(* Let $X,Y,I\subseteq\mathbb{R}^n$. Then $(X\cup Y)+I=(X+I)\cup(Y+I)$. If moreover $X$ and $Y$ are closed with $X\cup Y$ $\ell_1$-convex, and $I$ is an interval, then also $(X\cap Y)+I=(X+I)\cap(Y+I)$.
   Context: $+$ denotes Minkowski sum. A subset $Z\subseteq\mathbb{R}^n$ is $\ell_1$-convex if for all $z,z'\in Z$, with $D=\sum_i|z_i-z'_i|$, there is $\gamma\colon[0,D]\to Z$ with $\gamma(0)=z,\gamma(D)=z'$ and $\sum_i|\gamma_i(t)-\gamma_i(t')|=|t-t'|$ for all $t,t'$. An interval in $\mathbb{R}^n$ is a set $\prod_{i=1}^n I_i$ with each $I_i\subseteq\mathbb{R}$ a (possibly empty, possibly unbounded) interval. *)

theory Defs
  imports "HOL-Analysis.Analysis" "HOL-Library.Set_Algebras"
begin

text \<open>Minkowski sum is the library's set_plus, written A + B (HOL-Library.Set_Algebras).
  R^n is modelled as real ^ 'n.\<close>

definition l1_dist :: "real ^ 'n \<Rightarrow> real ^ 'n \<Rightarrow> real" where
  "l1_dist x y = (\<Sum>i\<in>UNIV. \<bar>x $ i - y $ i\<bar>)"

definition l1_convex :: "(real ^ 'n) set \<Rightarrow> bool" where
  "l1_convex Z \<longleftrightarrow>
     (\<forall>z\<in>Z. \<forall>z'\<in>Z. \<exists>\<gamma> :: real \<Rightarrow> real ^ 'n.
        \<gamma> 0 = z \<and> \<gamma> (l1_dist z z') = z' \<and>
        (\<forall>t\<in>{0..l1_dist z z'}. \<gamma> t \<in> Z) \<and>
        (\<forall>t\<in>{0..l1_dist z z'}. \<forall>t'\<in>{0..l1_dist z z'}.
            l1_dist (\<gamma> t) (\<gamma> t') = \<bar>t - t'\<bar>))"

text \<open>A real interval (possibly empty, possibly unbounded) is a set S of reals with
  the property is_interval S; an interval in R^n is a product of such.\<close>
definition box_interval :: "(real ^ 'n) set \<Rightarrow> bool" where
  "box_interval S \<longleftrightarrow>
     (\<exists>J :: 'n \<Rightarrow> real set. (\<forall>i. is_interval (J i)) \<and> S = {x. \<forall>i. x $ i \<in> J i})"

end

theory Submission
  imports Defs
begin

text \<open>Write \<open>p = x + a = y + b\<close> with \<open>x \<in> X\<close>, \<open>y \<in> Y\<close>, \<open>a, b \<in> I\<close>. An \<open>\<ell>\<^sub>1\<close>-geodesic
  from \<open>x\<close> to \<open>y\<close> inside \<open>X \<union> Y\<close> is connected and covered by the closed sets \<open>X\<close> and \<open>Y\<close>,
  so it meets \<open>X \<inter> Y\<close> in a point \<open>g\<close>. Since \<open>g\<close> lies on a geodesic, every coordinate of \<open>g\<close> lies between those
  of \<open>x\<close> and \<open>y\<close>; hence every coordinate of \<open>p - g\<close> lies between those of \<open>a\<close> and \<open>b\<close>,
  and \<open>p - g \<in> I\<close> because \<open>I\<close> is a product of intervals.\<close>

lemma l1_dist_nonneg: "0 \<le> l1_dist x y"
  unfolding l1_dist_def by (simp add: sum_nonneg)

lemma dist_le_l1_dist: "dist x y \<le> l1_dist x y"
  using norm_le_l1_cart[of "x - y"] by (simp add: dist_norm l1_dist_def)

lemma l1_dist_diff_left: "l1_dist (p - x) (p - y) = l1_dist x y"
  unfolding l1_dist_def by (simp add: abs_minus_commute)

lemma l1_dist_between_coordinatewise:
  assumes "l1_dist x g + l1_dist g y = l1_dist x y"
  shows "\<bar>x $ i - g $ i\<bar> + \<bar>g $ i - y $ i\<bar> = \<bar>x $ i - y $ i\<bar>"
proof -
  let ?excess = "\<lambda>i. \<bar>x $ i - g $ i\<bar> + \<bar>g $ i - y $ i\<bar> - \<bar>x $ i - y $ i\<bar>"
  have "sum ?excess UNIV = 0"
    using assms by (simp add: l1_dist_def sum_subtractf sum.distrib)
  moreover have "\<And>j. ?excess j \<ge> 0" by simp
  ultimately have "?excess i = 0"
    by (simp add: sum_nonneg_eq_0_iff)
  then show ?thesis by simp
qed

lemma box_interval_l1_between:
  assumes "box_interval I" and "a \<in> I" and "b \<in> I"
    and "l1_dist a c + l1_dist c b = l1_dist a b"
  shows "c \<in> I"
proof -
  obtain J where J: "\<And>i. is_interval (J i)" and I: "I = {x. \<forall>i. x $ i \<in> J i}"
    using assms(1) unfolding box_interval_def by blast
  have "c $ i \<in> J i" for i
  proof -
    have ab: "a $ i \<in> J i" "b $ i \<in> J i" using assms(2,3) I by auto
    have "\<bar>a $ i - c $ i\<bar> + \<bar>c $ i - b $ i\<bar> = \<bar>a $ i - b $ i\<bar>"
      by (rule l1_dist_between_coordinatewise[OF assms(4)])
    then have "min (a $ i) (b $ i) \<le> c $ i \<and> c $ i \<le> max (a $ i) (b $ i)"
      by linarith
    moreover have "min (a $ i) (b $ i) \<in> J i" "max (a $ i) (b $ i) \<in> J i"
      using ab by (simp_all add: min_def max_def)
    ultimately show ?thesis
      using J[of i] unfolding is_interval_1 by blast
  qed
  then show ?thesis using I by blast
qed

lemma l1_isometry_continuous_on:
  assumes "\<forall>t\<in>S. \<forall>t'\<in>S. l1_dist (\<gamma> t) (\<gamma> t') = \<bar>t - t'\<bar>"
  shows "continuous_on S \<gamma>"
proof (rule lipschitz_on_continuous_on)
  show "1-lipschitz_on S \<gamma>"
  proof (rule lipschitz_onI)
    fix t t' assume "t \<in> S" "t' \<in> S"
    then show "dist (\<gamma> t) (\<gamma> t') \<le> 1 * dist t t'"
      using assms dist_le_l1_dist[of "\<gamma> t" "\<gamma> t'"] by (simp add: dist_real_def)
  qed simp
qed

lemma l1_convex_Un_closed_between_point:
  assumes "closed X" "closed Y" "l1_convex (X \<union> Y)" "x \<in> X" "y \<in> Y"
  obtains g where "g \<in> X \<inter> Y" "l1_dist x g + l1_dist g y = l1_dist x y"
proof -
  define D where "D = l1_dist x y"
  obtain \<gamma> where \<gamma>0: "\<gamma> 0 = x" and \<gamma>D: "\<gamma> D = y"
    and path: "\<gamma> ` {0..D} \<subseteq> X \<union> Y"
    and iso: "\<forall>t\<in>{0..D}. \<forall>t'\<in>{0..D}. l1_dist (\<gamma> t) (\<gamma> t') = \<bar>t - t'\<bar>"
    using assms(3-5) unfolding l1_convex_def D_def by blast
  have "0 \<le> D" unfolding D_def by (rule l1_dist_nonneg)
  then have ends: "x \<in> \<gamma> ` {0..D}" "y \<in> \<gamma> ` {0..D}"
    using \<gamma>0 \<gamma>D by force+
  have "connected (\<gamma> ` {0..D})"
    using connected_continuous_image[OF l1_isometry_continuous_on[OF iso]] by simp
  then have "\<gamma> ` {0..D} \<inter> X \<inter> Y \<noteq> {}"
    using path ends assms(1,2,4,5) unfolding connected_closed by blast
  then obtain t where t: "t \<in> {0..D}" and meet: "\<gamma> t \<in> X \<inter> Y" by blast
  have "l1_dist x (\<gamma> t) = t" "l1_dist (\<gamma> t) y = D - t"
    using iso[rule_format, of 0 t] iso[rule_format, of t D] t \<open>0 \<le> D\<close>
    by (simp_all add: \<gamma>0 \<gamma>D)
  then have "l1_dist x (\<gamma> t) + l1_dist (\<gamma> t) y = l1_dist x y"
    by (simp add: D_def)
  with meet show thesis by (rule that)
qed

lemma set_plus_Int_box_interval:
  assumes "closed X" "closed Y" "l1_convex (X \<union> Y)" "box_interval I"
  shows "(X \<inter> Y) + I = (X + I) \<inter> (Y + I)"
proof
  show "(X + I) \<inter> (Y + I) \<subseteq> (X \<inter> Y) + I"
  proof
    fix p assume "p \<in> (X + I) \<inter> (Y + I)"
    then obtain x y where x: "x \<in> X" "p - x \<in> I" and y: "y \<in> Y" "p - y \<in> I"
      by (metis IntD1 IntD2 set_plus_elim add_diff_cancel_left')
    obtain g where g: "g \<in> X \<inter> Y" and "l1_dist x g + l1_dist g y = l1_dist x y"
      using l1_convex_Un_closed_between_point[OF assms(1-3) x(1) y(1)] .
    then have "p - g \<in> I"
      using box_interval_l1_between[OF assms(4) x(2) y(2)] by (simp add: l1_dist_diff_left)
    then show "p \<in> (X \<inter> Y) + I"
      using g set_plus_intro[of g "X \<inter> Y" "p - g" I] by simp
  qed
qed (auto elim!: set_plus_elim)

theorem proposition2p4:
  fixes X Y I :: "(real ^ 'n) set"
  shows "(X \<union> Y) + I = (X + I) \<union> (Y + I) \<and>
         (closed X \<and> closed Y \<and> l1_convex (X \<union> Y) \<and> box_interval I \<longrightarrow>
           (X \<inter> Y) + I = (X + I) \<inter> (Y + I))"
  using Un_set_plus set_plus_Int_box_interval by blast

end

+ + + + +

§ WORK TO BE COMPLETED
A single number is the expected answer: how many lines of the records above contain the word "forall".

§ WRITTEN ANSWER
7